- **WHAT YOU SHOULD DO**
In the entries below, how many lines hold the string "LINT"? Give only the number.

- **LISTED RECORDS**
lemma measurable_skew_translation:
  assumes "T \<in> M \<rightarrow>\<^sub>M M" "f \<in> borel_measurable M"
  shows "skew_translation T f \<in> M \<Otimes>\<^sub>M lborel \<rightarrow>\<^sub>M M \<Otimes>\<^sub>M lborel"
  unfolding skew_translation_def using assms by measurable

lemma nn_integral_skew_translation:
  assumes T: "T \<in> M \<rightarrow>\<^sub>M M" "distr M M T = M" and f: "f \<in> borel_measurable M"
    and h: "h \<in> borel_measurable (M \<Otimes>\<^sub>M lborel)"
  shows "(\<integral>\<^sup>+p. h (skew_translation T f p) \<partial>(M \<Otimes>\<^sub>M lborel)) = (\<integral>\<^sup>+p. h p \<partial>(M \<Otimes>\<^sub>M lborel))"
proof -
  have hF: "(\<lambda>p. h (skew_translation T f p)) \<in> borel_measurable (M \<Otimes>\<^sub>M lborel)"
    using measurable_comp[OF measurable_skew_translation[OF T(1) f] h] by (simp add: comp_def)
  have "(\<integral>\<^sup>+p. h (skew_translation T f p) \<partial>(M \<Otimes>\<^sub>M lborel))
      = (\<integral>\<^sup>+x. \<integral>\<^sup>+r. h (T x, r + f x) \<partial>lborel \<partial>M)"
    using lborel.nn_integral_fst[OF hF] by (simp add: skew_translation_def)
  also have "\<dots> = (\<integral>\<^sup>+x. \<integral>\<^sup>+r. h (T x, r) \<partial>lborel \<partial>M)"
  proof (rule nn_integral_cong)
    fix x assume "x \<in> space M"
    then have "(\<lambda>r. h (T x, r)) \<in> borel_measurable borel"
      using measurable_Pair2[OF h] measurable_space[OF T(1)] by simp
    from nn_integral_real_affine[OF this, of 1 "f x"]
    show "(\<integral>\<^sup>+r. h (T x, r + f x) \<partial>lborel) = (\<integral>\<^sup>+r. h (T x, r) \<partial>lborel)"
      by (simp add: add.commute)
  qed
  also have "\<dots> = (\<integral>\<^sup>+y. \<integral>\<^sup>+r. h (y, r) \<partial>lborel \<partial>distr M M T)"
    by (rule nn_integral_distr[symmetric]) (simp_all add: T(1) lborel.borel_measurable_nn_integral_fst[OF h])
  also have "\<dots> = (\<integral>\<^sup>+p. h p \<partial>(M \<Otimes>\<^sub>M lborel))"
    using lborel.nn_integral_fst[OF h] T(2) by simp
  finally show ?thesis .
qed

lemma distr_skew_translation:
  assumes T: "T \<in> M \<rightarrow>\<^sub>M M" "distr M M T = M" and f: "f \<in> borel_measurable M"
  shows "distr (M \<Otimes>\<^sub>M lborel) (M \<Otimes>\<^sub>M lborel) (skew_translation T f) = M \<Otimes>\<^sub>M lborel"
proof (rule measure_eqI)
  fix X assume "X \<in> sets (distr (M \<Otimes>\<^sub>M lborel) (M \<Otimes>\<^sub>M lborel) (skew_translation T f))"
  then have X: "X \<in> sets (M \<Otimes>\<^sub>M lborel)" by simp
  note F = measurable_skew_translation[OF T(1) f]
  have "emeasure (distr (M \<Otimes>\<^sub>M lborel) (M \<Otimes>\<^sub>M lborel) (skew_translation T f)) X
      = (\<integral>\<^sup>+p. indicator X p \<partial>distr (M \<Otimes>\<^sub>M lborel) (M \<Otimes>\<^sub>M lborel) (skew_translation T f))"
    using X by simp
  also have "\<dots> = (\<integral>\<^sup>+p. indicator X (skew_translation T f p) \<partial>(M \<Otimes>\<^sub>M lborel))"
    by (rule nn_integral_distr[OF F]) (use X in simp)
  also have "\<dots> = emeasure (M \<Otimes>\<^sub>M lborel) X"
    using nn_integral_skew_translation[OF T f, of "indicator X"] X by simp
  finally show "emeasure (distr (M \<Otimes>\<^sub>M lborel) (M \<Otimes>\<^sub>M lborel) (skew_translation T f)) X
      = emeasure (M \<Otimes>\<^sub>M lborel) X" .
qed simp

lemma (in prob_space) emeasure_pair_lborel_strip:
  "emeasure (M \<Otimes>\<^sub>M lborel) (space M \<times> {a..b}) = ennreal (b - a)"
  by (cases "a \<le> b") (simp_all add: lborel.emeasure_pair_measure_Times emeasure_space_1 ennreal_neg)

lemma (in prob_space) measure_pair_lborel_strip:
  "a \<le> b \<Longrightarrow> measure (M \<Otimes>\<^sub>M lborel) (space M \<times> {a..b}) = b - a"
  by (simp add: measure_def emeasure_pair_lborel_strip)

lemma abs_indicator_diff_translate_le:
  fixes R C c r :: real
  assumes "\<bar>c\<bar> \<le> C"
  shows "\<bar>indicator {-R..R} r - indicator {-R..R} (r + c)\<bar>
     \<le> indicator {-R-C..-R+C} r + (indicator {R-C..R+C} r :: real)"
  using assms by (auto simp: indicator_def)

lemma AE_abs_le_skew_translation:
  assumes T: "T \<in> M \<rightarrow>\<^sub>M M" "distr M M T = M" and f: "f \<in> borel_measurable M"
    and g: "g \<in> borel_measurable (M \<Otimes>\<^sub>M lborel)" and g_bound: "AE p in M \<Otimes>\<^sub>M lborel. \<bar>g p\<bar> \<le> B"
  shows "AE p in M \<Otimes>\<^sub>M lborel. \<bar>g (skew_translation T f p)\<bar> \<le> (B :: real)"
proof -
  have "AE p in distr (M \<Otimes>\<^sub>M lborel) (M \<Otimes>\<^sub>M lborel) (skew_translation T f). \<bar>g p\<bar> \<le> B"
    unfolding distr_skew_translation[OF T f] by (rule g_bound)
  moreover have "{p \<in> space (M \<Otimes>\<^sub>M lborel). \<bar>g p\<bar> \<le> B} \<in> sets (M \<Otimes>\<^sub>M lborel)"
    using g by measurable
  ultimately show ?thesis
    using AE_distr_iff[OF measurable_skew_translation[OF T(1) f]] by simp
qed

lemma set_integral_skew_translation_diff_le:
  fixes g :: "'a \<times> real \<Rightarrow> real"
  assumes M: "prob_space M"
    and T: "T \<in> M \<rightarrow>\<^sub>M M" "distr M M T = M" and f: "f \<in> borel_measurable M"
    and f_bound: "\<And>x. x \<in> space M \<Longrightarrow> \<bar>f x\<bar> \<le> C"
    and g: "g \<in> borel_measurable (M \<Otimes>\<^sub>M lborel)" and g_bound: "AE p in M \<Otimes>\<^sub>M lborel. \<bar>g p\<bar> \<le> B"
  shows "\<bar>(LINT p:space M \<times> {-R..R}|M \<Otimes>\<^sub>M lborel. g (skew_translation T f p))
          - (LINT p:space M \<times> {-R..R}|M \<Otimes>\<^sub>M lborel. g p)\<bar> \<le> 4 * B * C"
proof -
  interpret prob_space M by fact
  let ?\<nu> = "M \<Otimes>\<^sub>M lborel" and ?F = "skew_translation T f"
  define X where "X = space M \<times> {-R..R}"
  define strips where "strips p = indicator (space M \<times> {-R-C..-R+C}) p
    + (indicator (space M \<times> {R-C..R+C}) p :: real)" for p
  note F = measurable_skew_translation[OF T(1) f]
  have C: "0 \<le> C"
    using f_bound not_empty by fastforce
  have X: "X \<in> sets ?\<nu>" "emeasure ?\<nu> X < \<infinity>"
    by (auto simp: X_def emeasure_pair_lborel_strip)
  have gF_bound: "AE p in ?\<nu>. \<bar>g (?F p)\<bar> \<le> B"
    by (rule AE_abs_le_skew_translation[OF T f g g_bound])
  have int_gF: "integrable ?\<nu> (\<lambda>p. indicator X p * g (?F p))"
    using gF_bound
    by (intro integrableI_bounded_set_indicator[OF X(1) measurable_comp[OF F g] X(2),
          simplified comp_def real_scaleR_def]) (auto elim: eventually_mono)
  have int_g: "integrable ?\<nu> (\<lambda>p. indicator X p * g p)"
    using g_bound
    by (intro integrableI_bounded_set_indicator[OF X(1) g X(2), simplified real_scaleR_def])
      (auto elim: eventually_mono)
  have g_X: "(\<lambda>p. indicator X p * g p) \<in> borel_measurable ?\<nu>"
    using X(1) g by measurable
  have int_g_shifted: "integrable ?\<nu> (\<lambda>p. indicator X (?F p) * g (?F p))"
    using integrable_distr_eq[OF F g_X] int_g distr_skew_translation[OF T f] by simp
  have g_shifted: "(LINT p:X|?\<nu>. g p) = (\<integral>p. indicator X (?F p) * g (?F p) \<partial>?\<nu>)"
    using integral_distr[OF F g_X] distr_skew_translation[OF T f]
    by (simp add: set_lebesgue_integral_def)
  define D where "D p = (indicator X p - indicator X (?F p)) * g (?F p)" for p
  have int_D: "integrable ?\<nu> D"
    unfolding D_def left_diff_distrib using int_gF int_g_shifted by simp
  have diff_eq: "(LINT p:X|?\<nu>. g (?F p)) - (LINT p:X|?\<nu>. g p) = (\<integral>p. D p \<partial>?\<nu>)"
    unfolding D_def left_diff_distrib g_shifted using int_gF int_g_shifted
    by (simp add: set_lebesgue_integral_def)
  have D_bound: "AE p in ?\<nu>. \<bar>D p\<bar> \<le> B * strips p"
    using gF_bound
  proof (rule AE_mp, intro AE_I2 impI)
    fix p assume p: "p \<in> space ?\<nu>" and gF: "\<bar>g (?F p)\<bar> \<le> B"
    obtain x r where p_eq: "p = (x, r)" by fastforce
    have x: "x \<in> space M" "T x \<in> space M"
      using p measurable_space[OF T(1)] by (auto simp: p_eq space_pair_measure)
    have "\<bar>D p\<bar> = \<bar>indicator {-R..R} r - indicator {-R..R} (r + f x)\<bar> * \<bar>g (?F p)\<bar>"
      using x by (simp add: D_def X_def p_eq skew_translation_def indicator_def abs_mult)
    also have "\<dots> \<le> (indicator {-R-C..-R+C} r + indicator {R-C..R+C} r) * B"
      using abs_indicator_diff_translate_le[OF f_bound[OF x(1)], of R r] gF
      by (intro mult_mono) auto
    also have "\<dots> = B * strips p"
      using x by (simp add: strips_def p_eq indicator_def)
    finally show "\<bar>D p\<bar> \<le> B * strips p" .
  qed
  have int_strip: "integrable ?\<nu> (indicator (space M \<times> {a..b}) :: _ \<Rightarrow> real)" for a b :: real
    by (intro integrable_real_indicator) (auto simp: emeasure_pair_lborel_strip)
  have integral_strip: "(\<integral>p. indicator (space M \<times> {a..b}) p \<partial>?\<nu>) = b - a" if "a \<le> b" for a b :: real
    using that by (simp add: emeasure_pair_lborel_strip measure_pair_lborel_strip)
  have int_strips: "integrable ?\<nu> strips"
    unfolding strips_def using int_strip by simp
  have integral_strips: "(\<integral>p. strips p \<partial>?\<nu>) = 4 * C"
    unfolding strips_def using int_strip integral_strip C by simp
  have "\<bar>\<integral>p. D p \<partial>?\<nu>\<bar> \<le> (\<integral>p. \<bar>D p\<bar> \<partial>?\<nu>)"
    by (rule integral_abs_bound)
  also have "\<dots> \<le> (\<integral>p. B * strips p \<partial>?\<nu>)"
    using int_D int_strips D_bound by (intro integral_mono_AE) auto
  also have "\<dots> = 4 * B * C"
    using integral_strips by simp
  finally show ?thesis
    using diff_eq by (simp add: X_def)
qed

- **EXPECTED OUTPUT**
4